Stored items:
=-=-=

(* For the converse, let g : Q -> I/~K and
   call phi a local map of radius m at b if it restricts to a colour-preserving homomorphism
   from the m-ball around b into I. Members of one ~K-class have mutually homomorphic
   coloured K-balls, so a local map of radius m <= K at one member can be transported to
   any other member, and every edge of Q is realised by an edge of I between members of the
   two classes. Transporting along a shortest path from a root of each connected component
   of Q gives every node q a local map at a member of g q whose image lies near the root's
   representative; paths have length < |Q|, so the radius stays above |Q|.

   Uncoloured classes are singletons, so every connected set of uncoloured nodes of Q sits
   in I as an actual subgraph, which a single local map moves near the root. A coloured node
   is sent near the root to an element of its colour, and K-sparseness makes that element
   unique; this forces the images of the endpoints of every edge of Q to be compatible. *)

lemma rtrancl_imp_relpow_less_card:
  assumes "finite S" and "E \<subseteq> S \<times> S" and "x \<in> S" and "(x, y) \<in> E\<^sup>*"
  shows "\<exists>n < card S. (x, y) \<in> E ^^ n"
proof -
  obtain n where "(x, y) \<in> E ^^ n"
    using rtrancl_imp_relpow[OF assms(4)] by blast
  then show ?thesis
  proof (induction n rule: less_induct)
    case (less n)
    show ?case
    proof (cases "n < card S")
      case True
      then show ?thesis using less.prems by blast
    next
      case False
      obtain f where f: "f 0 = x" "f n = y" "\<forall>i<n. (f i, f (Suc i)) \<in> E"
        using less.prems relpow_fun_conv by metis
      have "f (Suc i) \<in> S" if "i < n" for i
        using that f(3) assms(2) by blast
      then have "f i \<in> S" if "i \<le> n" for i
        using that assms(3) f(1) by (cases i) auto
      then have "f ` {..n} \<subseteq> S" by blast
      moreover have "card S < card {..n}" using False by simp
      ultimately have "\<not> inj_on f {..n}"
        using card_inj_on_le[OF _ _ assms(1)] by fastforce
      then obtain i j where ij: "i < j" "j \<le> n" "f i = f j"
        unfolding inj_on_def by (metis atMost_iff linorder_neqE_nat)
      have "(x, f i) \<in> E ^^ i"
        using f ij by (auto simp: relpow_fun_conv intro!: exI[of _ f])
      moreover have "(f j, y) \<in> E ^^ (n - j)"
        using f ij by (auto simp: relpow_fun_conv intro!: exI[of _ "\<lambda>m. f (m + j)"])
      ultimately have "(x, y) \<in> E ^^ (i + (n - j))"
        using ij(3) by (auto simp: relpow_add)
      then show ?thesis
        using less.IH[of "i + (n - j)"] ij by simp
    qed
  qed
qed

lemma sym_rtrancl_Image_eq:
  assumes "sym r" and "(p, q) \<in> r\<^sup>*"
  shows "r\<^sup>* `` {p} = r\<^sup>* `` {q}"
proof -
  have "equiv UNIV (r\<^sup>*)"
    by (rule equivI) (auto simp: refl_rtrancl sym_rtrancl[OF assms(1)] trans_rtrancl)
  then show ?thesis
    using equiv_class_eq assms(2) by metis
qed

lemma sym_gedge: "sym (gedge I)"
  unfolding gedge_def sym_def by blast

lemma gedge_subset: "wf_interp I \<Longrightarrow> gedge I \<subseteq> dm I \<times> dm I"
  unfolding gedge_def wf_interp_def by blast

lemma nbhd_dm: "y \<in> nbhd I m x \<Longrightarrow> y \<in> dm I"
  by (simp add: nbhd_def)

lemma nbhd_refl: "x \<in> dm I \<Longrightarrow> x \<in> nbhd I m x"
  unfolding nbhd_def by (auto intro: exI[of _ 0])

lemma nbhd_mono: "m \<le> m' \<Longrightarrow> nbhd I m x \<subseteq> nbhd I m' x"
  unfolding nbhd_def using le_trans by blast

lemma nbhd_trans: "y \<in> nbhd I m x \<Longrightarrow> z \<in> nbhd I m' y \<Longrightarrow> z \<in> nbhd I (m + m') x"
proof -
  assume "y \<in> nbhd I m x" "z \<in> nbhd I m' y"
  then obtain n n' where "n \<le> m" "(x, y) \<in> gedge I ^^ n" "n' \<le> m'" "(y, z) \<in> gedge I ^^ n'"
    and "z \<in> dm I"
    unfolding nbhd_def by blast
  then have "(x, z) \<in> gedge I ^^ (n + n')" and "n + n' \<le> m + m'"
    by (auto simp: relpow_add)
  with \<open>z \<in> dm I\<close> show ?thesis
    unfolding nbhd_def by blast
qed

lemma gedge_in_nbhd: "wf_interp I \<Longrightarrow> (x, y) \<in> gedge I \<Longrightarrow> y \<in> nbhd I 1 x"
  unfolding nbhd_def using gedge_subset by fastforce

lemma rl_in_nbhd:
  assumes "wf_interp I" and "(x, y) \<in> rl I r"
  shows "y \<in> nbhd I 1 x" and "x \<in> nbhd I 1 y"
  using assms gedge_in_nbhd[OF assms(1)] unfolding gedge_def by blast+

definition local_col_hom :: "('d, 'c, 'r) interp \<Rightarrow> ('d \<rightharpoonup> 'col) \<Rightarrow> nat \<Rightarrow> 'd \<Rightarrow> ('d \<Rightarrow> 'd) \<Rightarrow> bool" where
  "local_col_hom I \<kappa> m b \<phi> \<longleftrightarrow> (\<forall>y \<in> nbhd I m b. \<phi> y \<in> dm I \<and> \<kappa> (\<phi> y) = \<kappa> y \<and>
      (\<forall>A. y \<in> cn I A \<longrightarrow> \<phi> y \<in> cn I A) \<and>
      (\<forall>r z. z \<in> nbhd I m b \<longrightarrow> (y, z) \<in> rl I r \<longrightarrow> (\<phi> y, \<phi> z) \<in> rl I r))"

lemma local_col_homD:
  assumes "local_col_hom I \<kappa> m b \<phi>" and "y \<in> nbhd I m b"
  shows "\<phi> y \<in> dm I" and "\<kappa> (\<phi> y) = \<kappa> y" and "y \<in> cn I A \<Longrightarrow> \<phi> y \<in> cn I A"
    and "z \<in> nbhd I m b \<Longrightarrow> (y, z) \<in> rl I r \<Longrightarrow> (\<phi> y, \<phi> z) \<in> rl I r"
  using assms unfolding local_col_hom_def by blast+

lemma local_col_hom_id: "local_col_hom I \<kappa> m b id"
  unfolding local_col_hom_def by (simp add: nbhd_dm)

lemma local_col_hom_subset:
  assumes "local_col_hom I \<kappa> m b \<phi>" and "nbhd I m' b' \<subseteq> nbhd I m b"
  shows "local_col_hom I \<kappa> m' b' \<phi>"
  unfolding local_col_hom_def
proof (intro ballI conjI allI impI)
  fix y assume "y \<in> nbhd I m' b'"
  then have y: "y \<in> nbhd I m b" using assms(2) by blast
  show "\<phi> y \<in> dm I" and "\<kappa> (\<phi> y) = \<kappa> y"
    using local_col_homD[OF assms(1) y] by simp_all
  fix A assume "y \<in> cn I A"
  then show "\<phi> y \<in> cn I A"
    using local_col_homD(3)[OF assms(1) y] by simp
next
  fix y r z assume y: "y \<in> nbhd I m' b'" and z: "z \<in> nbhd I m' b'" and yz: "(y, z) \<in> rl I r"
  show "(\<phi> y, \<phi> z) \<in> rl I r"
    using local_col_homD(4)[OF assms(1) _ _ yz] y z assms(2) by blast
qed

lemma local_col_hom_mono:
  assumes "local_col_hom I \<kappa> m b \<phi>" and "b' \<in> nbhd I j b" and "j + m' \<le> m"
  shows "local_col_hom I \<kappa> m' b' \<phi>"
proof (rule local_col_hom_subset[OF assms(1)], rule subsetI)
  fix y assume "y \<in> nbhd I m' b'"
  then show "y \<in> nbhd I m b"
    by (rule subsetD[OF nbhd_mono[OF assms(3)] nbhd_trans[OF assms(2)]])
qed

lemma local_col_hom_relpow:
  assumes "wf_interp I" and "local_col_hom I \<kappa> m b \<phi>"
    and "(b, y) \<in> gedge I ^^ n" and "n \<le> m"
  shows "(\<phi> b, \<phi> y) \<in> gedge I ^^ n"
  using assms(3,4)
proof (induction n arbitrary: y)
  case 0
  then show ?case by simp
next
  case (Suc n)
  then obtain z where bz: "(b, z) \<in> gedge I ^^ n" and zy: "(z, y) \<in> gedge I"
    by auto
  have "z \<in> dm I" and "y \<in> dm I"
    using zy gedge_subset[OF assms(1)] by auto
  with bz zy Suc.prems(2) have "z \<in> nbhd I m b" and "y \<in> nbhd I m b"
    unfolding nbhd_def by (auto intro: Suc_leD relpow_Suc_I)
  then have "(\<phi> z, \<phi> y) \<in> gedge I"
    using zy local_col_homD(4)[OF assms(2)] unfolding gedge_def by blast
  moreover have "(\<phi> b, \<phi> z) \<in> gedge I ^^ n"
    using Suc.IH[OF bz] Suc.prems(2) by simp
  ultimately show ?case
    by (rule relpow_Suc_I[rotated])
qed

=-=-=

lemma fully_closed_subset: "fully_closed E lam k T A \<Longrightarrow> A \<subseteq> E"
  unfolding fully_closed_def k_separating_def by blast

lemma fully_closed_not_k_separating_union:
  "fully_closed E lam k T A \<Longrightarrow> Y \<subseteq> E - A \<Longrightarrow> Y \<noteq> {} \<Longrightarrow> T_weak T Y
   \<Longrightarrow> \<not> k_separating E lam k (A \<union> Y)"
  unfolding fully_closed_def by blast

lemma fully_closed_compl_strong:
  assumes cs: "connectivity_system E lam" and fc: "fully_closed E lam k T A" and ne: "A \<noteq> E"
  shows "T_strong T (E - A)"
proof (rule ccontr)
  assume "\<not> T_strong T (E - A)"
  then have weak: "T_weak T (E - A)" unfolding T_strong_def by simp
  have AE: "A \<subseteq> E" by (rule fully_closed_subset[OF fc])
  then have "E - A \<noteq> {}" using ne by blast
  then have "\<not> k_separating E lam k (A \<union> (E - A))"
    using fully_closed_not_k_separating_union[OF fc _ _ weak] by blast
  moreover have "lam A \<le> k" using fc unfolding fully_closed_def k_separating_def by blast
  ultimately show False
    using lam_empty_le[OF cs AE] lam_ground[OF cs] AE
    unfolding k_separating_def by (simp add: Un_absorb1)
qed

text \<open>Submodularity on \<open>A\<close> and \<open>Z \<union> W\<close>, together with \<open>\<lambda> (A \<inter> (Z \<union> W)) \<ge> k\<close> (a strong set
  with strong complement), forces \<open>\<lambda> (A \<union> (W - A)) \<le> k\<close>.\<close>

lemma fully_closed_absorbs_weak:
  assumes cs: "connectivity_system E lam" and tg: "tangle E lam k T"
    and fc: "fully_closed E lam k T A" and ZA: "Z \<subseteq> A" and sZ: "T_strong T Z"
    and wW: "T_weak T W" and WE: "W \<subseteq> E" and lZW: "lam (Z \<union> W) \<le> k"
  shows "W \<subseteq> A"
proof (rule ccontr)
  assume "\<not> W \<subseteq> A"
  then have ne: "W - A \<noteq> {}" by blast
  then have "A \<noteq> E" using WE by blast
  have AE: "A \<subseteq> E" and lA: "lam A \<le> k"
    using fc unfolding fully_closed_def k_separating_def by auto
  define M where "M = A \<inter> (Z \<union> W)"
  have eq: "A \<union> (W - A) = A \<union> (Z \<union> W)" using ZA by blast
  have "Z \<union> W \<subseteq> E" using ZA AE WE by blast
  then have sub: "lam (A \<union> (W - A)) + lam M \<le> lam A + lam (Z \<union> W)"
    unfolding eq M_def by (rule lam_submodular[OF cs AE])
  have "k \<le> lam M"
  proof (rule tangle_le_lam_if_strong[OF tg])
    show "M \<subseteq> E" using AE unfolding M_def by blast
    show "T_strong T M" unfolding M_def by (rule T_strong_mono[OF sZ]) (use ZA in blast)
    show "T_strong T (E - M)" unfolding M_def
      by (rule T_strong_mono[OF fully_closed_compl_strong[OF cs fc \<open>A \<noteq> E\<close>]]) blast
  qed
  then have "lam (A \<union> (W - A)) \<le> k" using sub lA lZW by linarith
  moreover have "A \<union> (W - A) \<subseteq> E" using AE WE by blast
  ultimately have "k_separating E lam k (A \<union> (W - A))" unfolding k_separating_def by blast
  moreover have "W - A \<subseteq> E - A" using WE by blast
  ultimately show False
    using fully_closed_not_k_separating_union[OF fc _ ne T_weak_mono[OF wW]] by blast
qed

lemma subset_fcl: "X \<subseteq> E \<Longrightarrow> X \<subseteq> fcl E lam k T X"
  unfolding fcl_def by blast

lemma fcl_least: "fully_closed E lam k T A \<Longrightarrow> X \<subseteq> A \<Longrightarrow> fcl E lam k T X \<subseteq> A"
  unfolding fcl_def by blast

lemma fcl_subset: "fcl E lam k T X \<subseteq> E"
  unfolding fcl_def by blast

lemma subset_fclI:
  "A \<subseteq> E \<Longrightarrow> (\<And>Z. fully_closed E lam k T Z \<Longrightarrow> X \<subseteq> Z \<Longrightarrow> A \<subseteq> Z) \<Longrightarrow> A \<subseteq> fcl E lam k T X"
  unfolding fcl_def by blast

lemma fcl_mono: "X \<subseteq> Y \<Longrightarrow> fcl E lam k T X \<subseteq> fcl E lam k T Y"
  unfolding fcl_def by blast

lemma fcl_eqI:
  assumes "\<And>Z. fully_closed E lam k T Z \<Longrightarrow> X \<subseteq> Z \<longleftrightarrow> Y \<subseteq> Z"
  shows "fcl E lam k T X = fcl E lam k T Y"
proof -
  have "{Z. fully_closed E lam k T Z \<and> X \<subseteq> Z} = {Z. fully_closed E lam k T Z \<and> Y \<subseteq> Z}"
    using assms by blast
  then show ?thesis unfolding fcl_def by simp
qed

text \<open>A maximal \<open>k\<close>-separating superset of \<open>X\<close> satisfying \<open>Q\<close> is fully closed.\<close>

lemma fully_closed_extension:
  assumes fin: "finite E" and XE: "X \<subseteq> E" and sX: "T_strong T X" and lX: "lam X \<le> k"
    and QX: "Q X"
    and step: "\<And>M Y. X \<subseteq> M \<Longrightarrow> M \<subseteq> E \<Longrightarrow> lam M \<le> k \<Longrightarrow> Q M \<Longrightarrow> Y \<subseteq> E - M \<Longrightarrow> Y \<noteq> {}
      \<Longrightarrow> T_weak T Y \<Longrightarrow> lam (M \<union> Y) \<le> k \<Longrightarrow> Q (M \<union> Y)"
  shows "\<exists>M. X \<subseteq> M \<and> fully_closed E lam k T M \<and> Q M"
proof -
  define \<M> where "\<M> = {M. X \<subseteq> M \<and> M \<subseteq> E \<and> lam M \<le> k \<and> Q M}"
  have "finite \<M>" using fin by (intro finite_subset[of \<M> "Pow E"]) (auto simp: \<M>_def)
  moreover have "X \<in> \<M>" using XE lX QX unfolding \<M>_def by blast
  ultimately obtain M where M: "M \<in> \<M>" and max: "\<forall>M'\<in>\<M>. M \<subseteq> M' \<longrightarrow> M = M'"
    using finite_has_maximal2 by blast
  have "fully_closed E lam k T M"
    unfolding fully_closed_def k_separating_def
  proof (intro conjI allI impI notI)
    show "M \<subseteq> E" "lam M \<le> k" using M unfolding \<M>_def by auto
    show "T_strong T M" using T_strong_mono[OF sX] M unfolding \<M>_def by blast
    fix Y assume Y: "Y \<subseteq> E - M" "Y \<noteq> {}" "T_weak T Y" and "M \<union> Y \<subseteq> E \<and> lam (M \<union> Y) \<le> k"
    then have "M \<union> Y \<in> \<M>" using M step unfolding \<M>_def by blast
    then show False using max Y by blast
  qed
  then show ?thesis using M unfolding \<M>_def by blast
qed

=-=-=

Copy out, exactly and alone, the lines of the entries above between the ones holding "then show ?case by simp" and "using zy local_col_homD(4)[OF", inclusive.

  then show ?case by simp
next
  case (Suc n)
  then obtain z where bz: "(b, z) \<in> gedge I ^^ n" and zy: "(z, y) \<in> gedge I"
    by auto
  have "z \<in> dm I" and "y \<in> dm I"
    using zy gedge_subset[OF assms(1)] by auto
  with bz zy Suc.prems(2) have "z \<in> nbhd I m b" and "y \<in> nbhd I m b"
    unfolding nbhd_def by (auto intro: Suc_leD relpow_Suc_I)
  then have "(\<phi> z, \<phi> y) \<in> gedge I"
    using zy local_col_homD(4)[OF assms(2)] unfolding gedge_def by blast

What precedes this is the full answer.